* **Records**
(* Let $G$ be a maximal outerplanar graph of order $n\geq 4$, and let $t$ be the number of vertices of degree $2$ in $G$. Then $\gamma_{\times 2}(G)\leq \lfloor \frac{n+t}{2}\rfloor$ if $t<\frac{n}{3}$, and $\gamma_{\times 2}(G)\leq n-t$ otherwise. *)

theory Defs
  imports Complex_Main
begin

definition simple_graph :: "'a set \<Rightarrow> ('a \<Rightarrow> 'a \<Rightarrow> bool) \<Rightarrow> bool" where
  "simple_graph V E \<longleftrightarrow> finite V \<and>
     (\<forall>u v. E u v \<longrightarrow> u \<in> V \<and> v \<in> V \<and> u \<noteq> v \<and> E v u)"

definition degree :: "'a set \<Rightarrow> ('a \<Rightarrow> 'a \<Rightarrow> bool) \<Rightarrow> 'a \<Rightarrow> nat" where
  "degree V E v = card {u \<in> V. E v u}"

definition chords_cross :: "nat \<Rightarrow> nat \<Rightarrow> nat \<Rightarrow> nat \<Rightarrow> bool" where
  "chords_cross i j k l \<longleftrightarrow>
     (min i j < k \<and> k < max i j \<and> (l < min i j \<or> max i j < l))"

text \<open>Outerplanar: the vertices can be placed on a circle (in a cyclic order
  given by a bijection onto positions 0..n-1) so that the edges, drawn as
  straight chords, do not cross.\<close>
definition outerplanar :: "'a set \<Rightarrow> ('a \<Rightarrow> 'a \<Rightarrow> bool) \<Rightarrow> bool" where
  "outerplanar V E \<longleftrightarrow> simple_graph V E \<and>
     (\<exists>f. bij_betw f V {0..<card V} \<and>
          (\<forall>a b c d. E a b \<and> E c d \<longrightarrow> \<not> chords_cross (f a) (f b) (f c) (f d)))"

definition add_edge :: "('a \<Rightarrow> 'a \<Rightarrow> bool) \<Rightarrow> 'a \<Rightarrow> 'a \<Rightarrow> 'a \<Rightarrow> 'a \<Rightarrow> bool" where
  "add_edge E u v = (\<lambda>x y. E x y \<or> (x = u \<and> y = v) \<or> (x = v \<and> y = u))"

definition maximal_outerplanar :: "'a set \<Rightarrow> ('a \<Rightarrow> 'a \<Rightarrow> bool) \<Rightarrow> bool" where
  "maximal_outerplanar V E \<longleftrightarrow> outerplanar V E \<and>
     (\<forall>u\<in>V. \<forall>v\<in>V. u \<noteq> v \<and> \<not> E u v \<longrightarrow> \<not> outerplanar V (add_edge E u v))"

definition double_dominating :: "'a set \<Rightarrow> ('a \<Rightarrow> 'a \<Rightarrow> bool) \<Rightarrow> 'a set \<Rightarrow> bool" where
  "double_dominating V E D \<longleftrightarrow> D \<subseteq> V \<and>
     (\<forall>v\<in>V. card ({u \<in> D. u = v \<or> E v u}) \<ge> 2)"

definition double_domination_number :: "'a set \<Rightarrow> ('a \<Rightarrow> 'a \<Rightarrow> bool) \<Rightarrow> nat" where
  "double_domination_number V E = (LEAST k. \<exists>D. double_dominating V E D \<and> card D = k)"

end

theory Submission
  imports Defs
begin

(* Place the vertices at positions 0, ..., n - 1 of a circle. A maximal outerplanar graph is then
   a triangulated polygon: every edge (i, j) with j > i + 1 has a unique apex k, i < k < j,
   adjacent to both ends, so the sub-polygon below (i, j) splits into those below (i, k) and
   (k, j), and k has degree 2 exactly when both parts are single sides. By induction along this
   decomposition every sub-polygon has one of four types: lists of demands it meets with sets D
   of interior vertices such that 2 |D| is at most the number of its interior vertices plus the
   number of those of degree 2. Rotating the picture so that a vertex of degree 2 sits at
   position 0 and adding its two neighbours to the set found below the edge (1, n - 1) bounds
   twice the double domination number by n + t. The bound n - t holds because the vertices of
   degree other than 2 double dominate: a vertex of degree 2 has two such neighbours and every
   other vertex has one. *)

lemma chords_cross_commute: "chords_cross j i k l = chords_cross i j k l"
  unfolding chords_cross_def by (simp add: min.commute max.commute)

* **Directions for this task**
Reproduce all entries exactly, leaving each one whole.

* **Problem solution**
(* Let $G$ be a maximal outerplanar graph of order $n\geq 4$, and let $t$ be the number of vertices of degree $2$ in $G$. Then $\gamma_{\times 2}(G)\leq \lfloor \frac{n+t}{2}\rfloor$ if $t<\frac{n}{3}$, and $\gamma_{\times 2}(G)\leq n-t$ otherwise. *)

theory Defs
  imports Complex_Main
begin

definition simple_graph :: "'a set \<Rightarrow> ('a \<Rightarrow> 'a \<Rightarrow> bool) \<Rightarrow> bool" where
  "simple_graph V E \<longleftrightarrow> finite V \<and>
     (\<forall>u v. E u v \<longrightarrow> u \<in> V \<and> v \<in> V \<and> u \<noteq> v \<and> E v u)"

definition degree :: "'a set \<Rightarrow> ('a \<Rightarrow> 'a \<Rightarrow> bool) \<Rightarrow> 'a \<Rightarrow> nat" where
  "degree V E v = card {u \<in> V. E v u}"

definition chords_cross :: "nat \<Rightarrow> nat \<Rightarrow> nat \<Rightarrow> nat \<Rightarrow> bool" where
  "chords_cross i j k l \<longleftrightarrow>
     (min i j < k \<and> k < max i j \<and> (l < min i j \<or> max i j < l))"

text \<open>Outerplanar: the vertices can be placed on a circle (in a cyclic order
  given by a bijection onto positions 0..n-1) so that the edges, drawn as
  straight chords, do not cross.\<close>
definition outerplanar :: "'a set \<Rightarrow> ('a \<Rightarrow> 'a \<Rightarrow> bool) \<Rightarrow> bool" where
  "outerplanar V E \<longleftrightarrow> simple_graph V E \<and>
     (\<exists>f. bij_betw f V {0..<card V} \<and>
          (\<forall>a b c d. E a b \<and> E c d \<longrightarrow> \<not> chords_cross (f a) (f b) (f c) (f d)))"

definition add_edge :: "('a \<Rightarrow> 'a \<Rightarrow> bool) \<Rightarrow> 'a \<Rightarrow> 'a \<Rightarrow> 'a \<Rightarrow> 'a \<Rightarrow> bool" where
  "add_edge E u v = (\<lambda>x y. E x y \<or> (x = u \<and> y = v) \<or> (x = v \<and> y = u))"

definition maximal_outerplanar :: "'a set \<Rightarrow> ('a \<Rightarrow> 'a \<Rightarrow> bool) \<Rightarrow> bool" where
  "maximal_outerplanar V E \<longleftrightarrow> outerplanar V E \<and>
     (\<forall>u\<in>V. \<forall>v\<in>V. u \<noteq> v \<and> \<not> E u v \<longrightarrow> \<not> outerplanar V (add_edge E u v))"

definition double_dominating :: "'a set \<Rightarrow> ('a \<Rightarrow> 'a \<Rightarrow> bool) \<Rightarrow> 'a set \<Rightarrow> bool" where
  "double_dominating V E D \<longleftrightarrow> D \<subseteq> V \<and>
     (\<forall>v\<in>V. card ({u \<in> D. u = v \<or> E v u}) \<ge> 2)"

definition double_domination_number :: "'a set \<Rightarrow> ('a \<Rightarrow> 'a \<Rightarrow> bool) \<Rightarrow> nat" where
  "double_domination_number V E = (LEAST k. \<exists>D. double_dominating V E D \<and> card D = k)"

end

theory Submission
  imports Defs
begin

(* Place the vertices at positions 0, ..., n - 1 of a circle. A maximal outerplanar graph is then
   a triangulated polygon: every edge (i, j) with j > i + 1 has a unique apex k, i < k < j,
   adjacent to both ends, so the sub-polygon below (i, j) splits into those below (i, k) and
   (k, j), and k has degree 2 exactly when both parts are single sides. By induction along this
   decomposition every sub-polygon has one of four types: lists of demands it meets with sets D
   of interior vertices such that 2 |D| is at most the number of its interior vertices plus the
   number of those of degree 2. Rotating the picture so that a vertex of degree 2 sits at
   position 0 and adding its two neighbours to the set found below the edge (1, n - 1) bounds
   twice the double domination number by n + t. The bound n - t holds because the vertices of
   degree other than 2 double dominate: a vertex of degree 2 has two such neighbours and every
   other vertex has one. *)

lemma chords_cross_commute: "chords_cross j i k l = chords_cross i j k l"
  unfolding chords_cross_def by (simp add: min.commute max.commute)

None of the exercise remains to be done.